# help with small bits.



## redneck (Apr 11, 2008)

Good day all. I just got my router today (Mastercraft). It came with a few bits, I was hoping that it would come with a 1 inch straight cut bit. I need to cut box joints that have a 1 inch joints. My question is "Is it possible to build a jig that would allow me to use a 1/2 bit to cut 1 inch joints?" I hope this question makes since. I know it would be easier to buy a 1 inch bit. But it will be a few days before I get back to town.
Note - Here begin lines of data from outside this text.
lemma nn_integral_kernel_power2_diff_eq:
  fixes Kx :: "'a \<Rightarrow> real measure"
  assumes kern: "Kx \<in> measurable PX (subprob_algebra borel)"
    and prob: "\<And>x. x \<in> space PX \<Longrightarrow> prob_space (Kx x)"
    and fin: "(\<integral>\<^sup>+x. (\<integral>\<^sup>+y. ennreal (y\<^sup>2) \<partial>Kx x) \<partial>PX) < \<infinity>"
    and \<phi>: "\<phi> \<in> borel_measurable PX" and int: "integrable PX (\<lambda>x. (\<phi> x - (\<integral>y. y \<partial>Kx x))\<^sup>2)"
  shows "enn2real (\<integral>\<^sup>+x. (\<integral>\<^sup>+y. ennreal ((\<phi> x - y)\<^sup>2) \<partial>Kx x) \<partial>PX)
       = (\<integral>x. (\<phi> x - (\<integral>y. y \<partial>Kx x))\<^sup>2 \<partial>PX)
         + enn2real (\<integral>\<^sup>+x. (\<integral>\<^sup>+y. ennreal (((\<integral>y. y \<partial>Kx x) - y)\<^sup>2) \<partial>Kx x) \<partial>PX)"
proof -
  define f where "f x = (\<integral>y. y \<partial>Kx x)" for x
  define V where "V x = (\<integral>\<^sup>+y. ennreal ((f x - y)\<^sup>2) \<partial>Kx x)" for x
  have decomp: "AE x in PX. \<forall>a. (\<integral>\<^sup>+y. ennreal ((a - y)\<^sup>2) \<partial>Kx x) = ennreal ((a - f x)\<^sup>2) + V x"
    using AE_nn_integral_power2_diff_kernel_mean[OF kern prob fin] by (simp add: f_def V_def)
  have f_meas: "f \<in> borel_measurable PX"
    unfolding f_def by (rule borel_measurable_kernel_mean[OF kern])
  note f_meas[measurable]
  have V_meas: "V \<in> borel_measurable PX"
    unfolding V_def by (intro nn_integral_measurable_subprob_algebra2[OF _ kern]) measurable
  have "AE x in PX. V x \<le> (\<integral>\<^sup>+y. ennreal (y\<^sup>2) \<partial>Kx x)"
  proof (rule eventually_mono[OF decomp])
    fix x
    assume "\<forall>a. (\<integral>\<^sup>+y. ennreal ((a - y)\<^sup>2) \<partial>Kx x) = ennreal ((a - f x)\<^sup>2) + V x"
    from this[rule_format, of 0] show "V x \<le> (\<integral>\<^sup>+y. ennreal (y\<^sup>2) \<partial>Kx x)"
      by (simp add: add_increasing)
  qed
  then have "(\<integral>\<^sup>+x. V x \<partial>PX) \<le> (\<integral>\<^sup>+x. (\<integral>\<^sup>+y. ennreal (y\<^sup>2) \<partial>Kx x) \<partial>PX)"
    by (rule nn_integral_mono_AE)
  then have V_fin: "(\<integral>\<^sup>+x. V x \<partial>PX) < \<infinity>"
    using fin by (rule le_less_trans)
  have "(\<integral>\<^sup>+x. (\<integral>\<^sup>+y. ennreal ((\<phi> x - y)\<^sup>2) \<partial>Kx x) \<partial>PX)
      = (\<integral>\<^sup>+x. ennreal ((\<phi> x - f x)\<^sup>2) + V x \<partial>PX)"
    by (rule nn_integral_cong_AE, rule eventually_mono[OF decomp]) simp
  also have "\<dots> = (\<integral>\<^sup>+x. ennreal ((\<phi> x - f x)\<^sup>2) \<partial>PX) + (\<integral>\<^sup>+x. V x \<partial>PX)"
    using \<phi> f_meas V_meas by (intro nn_integral_add) measurable
  also have "(\<integral>\<^sup>+x. ennreal ((\<phi> x - f x)\<^sup>2) \<partial>PX) = ennreal (\<integral>x. (\<phi> x - f x)\<^sup>2 \<partial>PX)"
    using int unfolding f_def by (intro nn_integral_eq_integral) auto
  finally show ?thesis
    using V_fin by (simp add: enn2real_plus f_def V_def)
qed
I am brand new to woodworking, with very little knowledge on how to use the woodworking tools to there fullest potential.  I hope I posted this in the right place.


----------



## bobj3 (Jan 17, 2006)

Hi *******

I think you got it, just make 3 passes to get your 1" wide slot.. 
But do take it easy on the Mastercraft ,that's to say only go 1/2 the way in the stock on the 1st. set of passes.. 
You'er asking the bit/router to do alot of work.. watch the heat on the bit..let it cool down...




===========


----------



## Mike (Nov 22, 2004)

To expand on what BJ said use this process for the most accurate cuts: Start off by marking the exact location of the cut. Using an edge guide with your router cut in the center of the area to be removed moving your router from left to right with the guide on the top edge of the router. Reposition your edge guide to one side, make your cut, then repeat for the other side. It is best to remove no more than 1/4" in depth per cut, so for a 3/4" deep cut you would make 3 passes of increasing depth before moving the edge guide.


----------



## redneck (Apr 11, 2008)

Thanks guys for the quick response. After close inspection of the router I will be sending it back. I chucked up a bit and could not get it back out. I had to use pliers. I checked for burs or any other problem that might keep the collet from sliding out, it was under spring pressure. The overall quality of this router is not what I expected. I know you get what you pay for. I don't even think I got that much. I just wanted something to try. So I could see if I would like using a router. I guess I will go ahead and purchase a new one. Any suggestions on a router that would be around $100.00$...Thanks ....Disappointed


----------



## bobj3 (Jan 17, 2006)

Hi *******

For a 100.oo bucks I like the one below,,plus it comes with a quick release on the collet nuts...so you will not need to use a pair of pliers to get the bits out 

http://www.sears.com/shc/s/p_10153_12605_00917543000P?cat=Portable+Power+Tools&pid=00917543000&vertical=TOOL&subcat=Routers+%2526+Laminate+Trimmers&[email protected]@@@[email protected]@@@&BV_EngineID=cchfaddkdkhdelgcefecemldffidflk.0


Plus if you work it right you can get it on your door step for about 80.oo bucks, buy it on line SUNDAY ( 6:00 PM to 6:00 AM ,see the post for FREE stuff on the forum) and become a member with Sears that will save you about 20.oo to 25.oo bucks... 

========



******* said:


> Thanks guys for the quick response. After close inspection of the router I will be sending it back. I chucked up a bit and could not get it back out. I had to use pliers. I checked for burs or any other problem that might keep the collet from sliding out, it was under spring pressure. The overall quality of this router is not what I expected. I know you get what you pay for. I don't even think I got that much. I just wanted something to try. So I could see if I would like using a router. I guess I will go ahead and purchase a new one. Any suggestions on a router that would be around $100.00$...Thanks ....Disappointed


----------



## jer760 (Nov 17, 2007)

I can also vouch for this particular router. For a 109.00 bucks I don't think you'll do better. I have one of these for any handheld jobs and I reach for it before I reach for my Hitachi. I thought Mastercraft was only available in Canada?


----------



## bobj3 (Jan 17, 2006)

Hi Jer

MasterCraft

You will find them all over eBay and many other spots, they are a low end router..


http://www.shoptoit.ca/shop/product--catId_1001249__locale_en__productId_3297289.html
http://cgi.ebay.com/1-4-VARIABLE-SP...VQQcmdZViewItemQQ_trksidZp1638Q2em118Q2el1247

Chicago Electric sells one under it's name also..

===========


----------